Abstract

As a promising solution to blockchain scalability, sharding divides blockchain nodes into small groups called shards, splitting the workload. Existing works for sharding, however, are limited by cross-shard transactions, since they need to split each cross-shard transaction into multiple sub-transactions, each of which costs a consensus round to commit. In this paper, we introduce PYRAMID, a novel sharding system based on the idea of layered sharding. In PYRAMID, the nodes with better hardware are allowed to participate in multiple shards and store the blockchains of these shards thus they can validate and execute the cross-shard transactions without splitting. Next, to commit the cross-shard transactions with consistency among the related shards, we design a cooperative cross-shard consensus based on collective signature-based inter-shard collaboration.

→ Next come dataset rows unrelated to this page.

theorem mainTheorem7:
  fixes A :: "'a::banach set" and n :: nat
  assumes dimX: "dim (UNIV :: 'a set) = n" and npos: "n \<ge> 1"
    and bdd: "bounded A" and nz: "0 \<notin> A"
    and rays: "\<forall>x::'a. x \<noteq> 0 \<longrightarrow> (\<exists>r>0. r *\<^sub>R x \<in> A)"
  shows "(\<forall>\<B>. ball_covering \<B> A \<longrightarrow> \<not> (finite \<B> \<and> card \<B> \<le> n))
     \<and> ((smooth_space TYPE('a) \<and> dist0 A > 0) \<longrightarrow>
          (\<exists>\<B>. ball_covering \<B> A \<and> finite \<B> \<and> card \<B> = n + 1))"
proof -
  obtain B :: "'a set"
    where B: "B \<subseteq> UNIV" "independent B" "UNIV \<subseteq> span B" "card B = dim (UNIV :: 'a set)"
    by (rule basis_exists)
  then have "finite B" using dimX npos card_ge_0_finite by fastforce
  then interpret finite_dimensional_normed_space B
    using B by unfold_locales auto
  have lower: "n < card \<B>" if "ball_covering \<B> A" "finite \<B>" for \<B>
    using dim_less_card_ball_covering[OF rays that] dimX npos by simp
  have "\<exists>\<B>. ball_covering \<B> A \<and> finite \<B> \<and> card \<B> = n + 1"
    if smooth: "smooth_space TYPE('a)" and pos: "dist0 A > 0"
  proof -
    obtain \<B> where "ball_covering \<B> A" "finite \<B>" "card \<B> \<le> n + 1"
      using exists_ball_covering_card_le[OF smooth bdd zero_notin_closure_if_dist0_pos[OF pos]] dimX
      by blast
    with lower show ?thesis by (intro exI[of _ \<B>]) force
  qed
  with lower show ?thesis by force
qed

end
lemma valid_eval_eq_eval_gates:
  assumes "valid_eval C x val" "i < 3 + length (gates C)"
  shows "val i = eval_gates [x$1, x$2, x$3] (gates C) ! i"
  using assms(2)
proof (induction i rule: less_induct)
  case (less i)
  let ?vs = "eval_gates [x$1, x$2, x$3] (gates C)"
  show ?case
  proof (cases "i < 3")
    case True
    then consider "i = 0" | "i = 1" | "i = 2" by linarith
    then show ?thesis
      using assms(1) by cases (auto simp: valid_eval_def nth_eval_gates_input)
  next
    case False
    then obtain k where i: "i = 3 + k" and k: "k < length (gates C)"
      using less.prems by (metis add.commute le_add_diff_inverse2 nat_add_left_cancel_less not_less)
    have "gate_ok val (gates C ! k) (val i)"
      using assms(1) k i by (auto simp: valid_eval_def)
    then have "val i = gate_value val (gates C ! k)"
      using comparator_free k by (simp add: gate_ok_iff_gate_value)
    also have "\<dots> = gate_value (nth ?vs) (gates C ! k)"
      using i k by (intro gate_value_cong less.IH) (auto dest: wf_gates_nth[OF wf k])
    also have "\<dots> = ?vs ! i"
      using valid_eval_eval_gates k i by (simp add: valid_eval_def gate_ok_iff_gate_value comparator_free)
    finally show ?thesis .
  qed
qed

end

lemma computes_by_eval_gates:
  assumes wf: "wf_gates 3 (gates C)" and comparator_free: "\<forall>g \<in> set (gates C). \<not> is_comparator g"
    and outs: "outs C = (a, b, c)"
      "a < 3 + length (gates C)" "b < 3 + length (gates C)" "c < 3 + length (gates C)"
    and F: "\<And>x. x \<in> unit_cube \<Longrightarrow>
      F x = (let vs = eval_gates [x$1, x$2, x$3] (gates C) in vector [vs ! a, vs ! b, vs ! c])"
  shows "computes C F"
  unfolding computes_def
proof (intro conjI ballI)
  show "wf_circuit C"
    using wf_gates_nth[OF wf] outs by (auto simp: wf_circuit_def)
next
  fix x :: "real^3" assume x: "x \<in> unit_cube"
  show "\<exists>val. valid_eval C x val"
    using valid_eval_eval_gates[OF wf comparator_free] by blast
  show "\<forall>val. valid_eval C x val \<longrightarrow> circuit_output C val = F x"
    using valid_eval_eq_eval_gates[OF wf comparator_free] outs F[OF x]
    by (simp add: circuit_output_def Let_def)
qed

section \<open>The tent map\<close>

definition tent :: "real \<Rightarrow> real" where
  "tent y = min (2 * y) (2 - 2 * y)"

lemma tent_iter_Suc: "(tent ^^ Suc N) y = (tent ^^ N) (tent y)"
  by (simp only: funpow_Suc_right comp_apply)

lemma tent_iter_range: "0 \<le> y \<Longrightarrow> y \<le> 1 \<Longrightarrow> 0 \<le> (tent ^^ N) y \<and> (tent ^^ N) y \<le> 1"
  by (induction N) (auto simp: tent_def)

lemma tent_iter_zero [simp]: "(tent ^^ N) 0 = 0"
  by (induction N) (auto simp: tent_def)

lemma tent_iter_dyadic:
  "k \<le> 2 ^ N \<Longrightarrow> (tent ^^ N) (real k / 2 ^ N) = (if even k then 0 else 1)"
proof (induction N arbitrary: k)
  case 0
  then have "k = 0 \<or> k = 1" by auto
  then show ?case by auto
next
  case (Suc N)
  show ?case
  proof (cases "k \<le> 2 ^ N")
    case True
    then have "tent (real k / 2 ^ Suc N) = real k / 2 ^ N"
      by (auto simp: tent_def min_def field_simps)
    then show ?thesis unfolding tent_iter_Suc using Suc.IH[OF True] by simp
  next
    case False
    define k' where "k' = 2 ^ Suc N - k"
    have k': "k' \<le> 2 ^ N" "real k' = 2 ^ Suc N - real k" "even k' = even k"
      using False Suc.prems by (auto simp: k'_def of_nat_diff)
    have "tent (real k / 2 ^ Suc N) = real k' / 2 ^ N"
      using False Suc.prems k' by (auto simp: tent_def min_def field_simps)
    then show ?thesis unfolding tent_iter_Suc using Suc.IH[OF k'(1)] k'(3) by simp
  qed
qed
lemma cyc_adj_edge:
  assumes "n \<ge> 1" "q < 2*n + 4" "k < 2*n + 4" "cyc_adj (2*n + 4) q k"
  shows "{cyc_vtx n q, cyc_vtx n k} \<in> G3_edges n"
proof -
  have "{cyc_vtx n 0, cyc_vtx n (2*n + 4 - 1)} \<in> G3_edges n"
    using base_edges by (simp add: cyc_vtx_def)
  then show ?thesis
    using assms cyc_vtx_Suc_edge[of n q] cyc_vtx_Suc_edge[of n k] G3_edges_commute
    unfolding cyc_adj_def doubleton_eq_iff by auto
qed

definition off_edges :: "vtx set set" where
  "off_edges = {{va, vb}, {va, vc}, {vd, vg}, {ve, vf}, {ve, vh}, {vg, vh}}"

lemma G3_edge_cases:
  assumes "{x, y} \<in> G3_edges n" "n \<ge> 1"
  shows "(on_cycle x \<and> on_cycle y \<and> cyc_adj (2*n + 4) (anchor n x) (anchor n y))
    \<or> {x, y} \<in> off_edges"
proof -
  consider "{x, y} \<in> {{va, vb}, {va, vc}, {vb, vc}, {vd, ve}, {vd, vg}, {ve, vf}, {ve, vh}, {vg, vh}}"
    | "{x, y} \<in> {{vb, P 1}, {P n, vd}, {vc, Q 1}, {Q n, ve}}"
    | i where "{x, y} = {P i, P (Suc i)}" "1 \<le> i" "i < n"
    | i where "{x, y} = {Q i, Q (Suc i)}" "1 \<le> i" "i < n"
  proof -
    have "{x,y} \<in> {{va, vb}, {va, vc}, {vb, vc}, {vd, ve}, {vd, vg}, {ve, vf}, {ve, vh}, {vg, vh}}
      \<or> {x, y} \<in> {{vb, P 1}, {P n, vd}, {vc, Q 1}, {Q n, ve}}
      \<or> (\<exists>i. {x, y} = {P i, P (Suc i)} \<and> 1 \<le> i \<and> i < n)
      \<or> (\<exists>i. {x, y} = {Q i, Q (Suc i)} \<and> 1 \<le> i \<and> i < n)"
      using assms(1) unfolding G3_edges_def Un_iff mem_Collect_eq by metis
    then show ?thesis using that by metis
  qed
  then show ?thesis
  proof cases
    case 1
    then have "{x, y} = {vb, vc} \<or> {x, y} = {vd, ve} \<or> {x, y} \<in> off_edges"
      unfolding off_edges_def by (simp only: insert_iff empty_iff) (elim disjE; simp only: simp_thms)
    then show ?thesis by (auto simp: doubleton_eq_iff cyc_adj_def)
  next
    case 2
    then show ?thesis unfolding off_edges_def cyc_adj_def using assms(2)
      by (elim insertE emptyE; simp only: doubleton_eq_iff; elim disjE conjE; simp)
  qed (auto simp: cyc_adj_def doubleton_eq_iff)
qed

definition dist_to_cyc :: "nat \<Rightarrow> vtx \<Rightarrow> nat \<Rightarrow> nat" where
  "dist_to_cyc n u q = (if on_cycle u then 0 else 1)
     + min (cyc_dist (2*n + 4) (anchor n u) q) (cyc_dist (2*n + 4) (anchor2 n u) q)"

definition off_dist :: "nat \<Rightarrow> vtx \<Rightarrow> vtx \<Rightarrow> nat" where
  "off_dist n u v = (if u = v then 0 else if u = va \<or> v = va then n + 3
     else if u = vf \<or> v = vf then (if u = vh \<or> v = vh then 2 else 3) else 1)"

definition G3_dist :: "nat \<Rightarrow> vtx \<Rightarrow> vtx \<Rightarrow> nat" where
  "G3_dist n u v = (if on_cycle v then dist_to_cyc n u (anchor n v)
     else if on_cycle u then dist_to_cyc n v (anchor n u) else off_dist n u v)"

lemma G3_dist_cyc_vtx: "q < 2*n + 4 \<Longrightarrow> G3_dist n u (cyc_vtx n q) = dist_to_cyc n u q"
  unfolding G3_dist_def by simp

lemma G3_dist_self: "G3_dist n u u = 0"
  unfolding G3_dist_def dist_to_cyc_def off_dist_def anchor2_def by simp

lemma dist_to_cyc_adj_le:
  assumes "u \<in> G3_verts n" "q < 2*n + 4" "k < 2*n + 4" "cyc_adj (2*n + 4) q k"
  shows "dist_to_cyc n u k \<le> dist_to_cyc n u q + 1"
  using cyc_dist_adj_le[OF anchor_less[OF assms(1)] assms(2-4)]
    cyc_dist_adj_le[OF anchor2_less[OF assms(1)] assms(2-4)]
  unfolding dist_to_cyc_def by linarith

lemma off_edges_cases:
  assumes "{x, y} \<in> off_edges"
  shows "(x, y) \<in> {(va, vb), (va, vc), (vd, vg), (ve, vf), (ve, vh), (vg, vh),
                     (vb, va), (vc, va), (vg, vd), (vf, ve), (vh, ve), (vh, vg)}"
  using assms unfolding off_edges_def
  by (elim insertE emptyE; simp only: doubleton_eq_iff; elim disjE conjE; simp)

lemma G3_dist_off_edge_le:
  assumes "u \<in> G3_verts n" "{x, y} \<in> off_edges"
  shows "G3_dist n u y \<le> G3_dist n u x + 1"
proof (cases "on_cycle u")
  case True
  let ?L = "2*n + 4" and ?s = "anchor n u"
  have step: "cyc_dist ?L ?s k \<le> cyc_dist ?L ?s j + 1" if "cyc_adj ?L j k" "j < ?L" "k < ?L" for j k
    using cyc_dist_adj_le[OF anchor_less[OF assms(1)]] that by blast
  have "cyc_dist ?L ?s 0 \<le> cyc_dist ?L ?s (2*n + 3) + 1"
    "cyc_dist ?L ?s (2*n + 3) \<le> cyc_dist ?L ?s 0 + 1"
    "cyc_dist ?L ?s (n + 1) \<le> cyc_dist ?L ?s (n + 2) + 1"
    "cyc_dist ?L ?s (n + 2) \<le> cyc_dist ?L ?s (n + 1) + 1"
    by (rule step; simp add: cyc_adj_def doubleton_eq_iff)+
  then show ?thesis using off_edges_cases[OF assms(2)] True
    by (auto simp: G3_dist_def dist_to_cyc_def anchor2_def cyc_dist_commute[of _ ?s])
next
  case False
  then show ?thesis using off_edges_cases[OF assms(2)] unfolding off_cycle_cases
    by (elim insertE emptyE;
        simp add: G3_dist_def dist_to_cyc_def cyc_dist_def anchor2_def off_dist_def)
qed

lemma G3_dist_edge_le:
  assumes "n \<ge> 1" "u \<in> G3_verts n" "{x, y} \<in> G3_edges n" "x \<in> G3_verts n" "y \<in> G3_verts n"
  shows "G3_dist n u y \<le> G3_dist n u x + 1"
  using G3_edge_cases[OF assms(3,1)]
proof
  assume "on_cycle x \<and> on_cycle y \<and> cyc_adj (2*n + 4) (anchor n x) (anchor n y)"
  then show ?thesis
    using dist_to_cyc_adj_le[OF assms(2) anchor_less[OF assms(4)] anchor_less[OF assms(5)]]
    by (simp add: G3_dist_def)
qed (rule G3_dist_off_edge_le[OF assms(2)])

lemma dist_to_cyc_descent:
  assumes "u \<in> G3_verts n" "q < 2*n + 4" "cyc_vtx n q \<noteq> u"
  shows "(\<exists>k<2*n + 4. cyc_adj (2*n + 4) q k \<and> dist_to_cyc n u k < dist_to_cyc n u q)
    \<or> (\<not> on_cycle u \<and> q \<in> {anchor n u, anchor2 n u})"
proof (cases "q \<in> {anchor n u, anchor2 n u}")
  case True
  then show ?thesis
    using assms cyc_vtx_anchor[OF assms(1)] by (auto simp: anchor2_def split: if_splits)
next
  case False
  obtain t where t: "t \<in> {anchor n u, anchor2 n u}"
    "cyc_dist (2*n + 4) t q
      = min (cyc_dist (2*n + 4) (anchor n u) q) (cyc_dist (2*n + 4) (anchor2 n u) q)"
    by (metis insertCI min_def)
  have "t < 2*n + 4" "t \<noteq> q"
    using t(1) False anchor_less[OF assms(1)] anchor2_less[OF assms(1)] by auto
  then obtain k where "k < 2*n + 4" "cyc_adj (2*n + 4) q k"
    "cyc_dist (2*n + 4) t k < cyc_dist (2*n + 4) t q"
    using cyc_dist_descent assms(2) by blast
  moreover have "dist_to_cyc n u k < dist_to_cyc n u q"
    using t calculation(3) unfolding dist_to_cyc_def by auto
  ultimately show ?thesis by blast
qed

Furthermore, we present an optimization framework to compute an optimal layered sharding strategy maximizing the transaction throughput with the constraint of system security and node resource. Finally, we implement a prototype for PYRAMID based on Ethereum and the experimental results reveal the efficiency of PYRAMID in terms of performance and scalability, especially in workloads with a high percentage of cross-shard transactions. PYRAMID improves the throughput by up to 3.2 times compared with the state-of-the-art works and achieves about 3821 transaction per seconds for 20 shards.